I'm not suggesting to use signals to call the APC function,
No, and I didn't understand that either. I don't even think that's architecturally possible—we know how the NT API works; it's not a callback.
just that what we need here is a simple "APC pending" flag. I understand that it makes sense to map this to an fd in your design, it just seems rather heavyweight to have to allocate and manage yet another fd for every thread just for this.
That's what I did propose in the initial revision, though, if I understand you correctly.
One problem is that we can get a signal at any time, either before or after the call or during it, via USR1. If we get a signal we *must* not let the wait consume any objects. That means either:
* we need a handle to represent the thread's signaled state - the current approach. It's worth mentioning that while fd's aren't free, even the kernel seemed to find them cheap enough that they recommended using them instead of opaque handles (like an earlier revision did).

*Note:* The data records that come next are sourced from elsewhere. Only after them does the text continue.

lemma card_doubled_row_column:
  assumes "0 < P \<Longrightarrow> w \<le> P" "u \<le> P" "j < 2 * P + E"
  shows "card {i. i < 2 * P \<and> j \<in> doubled_row P E w u i} = (if j < 2 * P then 2 * w else 2 * u)"
proof -
  have "card {i. i < 2 * P \<and> j \<in> doubled_row P E w u i} = 2 * card {i. i < P \<and> j \<in> doubled_row P E w u i}"
    using card_less_double[of P "\<lambda>i. j \<in> doubled_row P E w u i"] by (simp add: doubled_row_add_self)
  moreover have "card {i. i < P \<and> j \<in> doubled_row P E w u i} = w" if "j < 2 * P"
  proof -
    have "{i. i < P \<and> j \<in> doubled_row P E w u i} = {i. i < P \<and> (int j - int i) mod int P < int w}"
      using that by (auto simp: doubled_row_def)
    then show ?thesis
      using card_cyclic_window[of w P j] assms(1) that by simp
  qed
  moreover have "{i. i < P \<and> j \<in> doubled_row P E w u i} = {..<u}" if "\<not> j < 2 * P"
    using that assms(2,3) by (auto simp: doubled_row_def)
  ultimately show ?thesis
    by auto
qed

* the kernel needs to manage the thread's signaled state. This requires modifying task_struct (there is no generic TLS mechanism in the kernel) which I think we can safely assert is a complete non-starter;
* or we need to synchronize on the user side by blocking signals. This requires extra syscalls per wait, which was one of your concerns (the other essentially being complexity). I'm currently inclined to agree with those concerns, and I anticipate finding it difficult to convince Greg that the old API is worse *and* that we really need an API change.
Am I missing something? Even if it's not USR1 per se, I don't see a way to avoid the problem that *someone* needs to maintain the signaled state, which has to be us, and we need a way to synchronize that signaled state with USR1 so that a single wait can't both consume an object *and* report STATUS_USER_APC.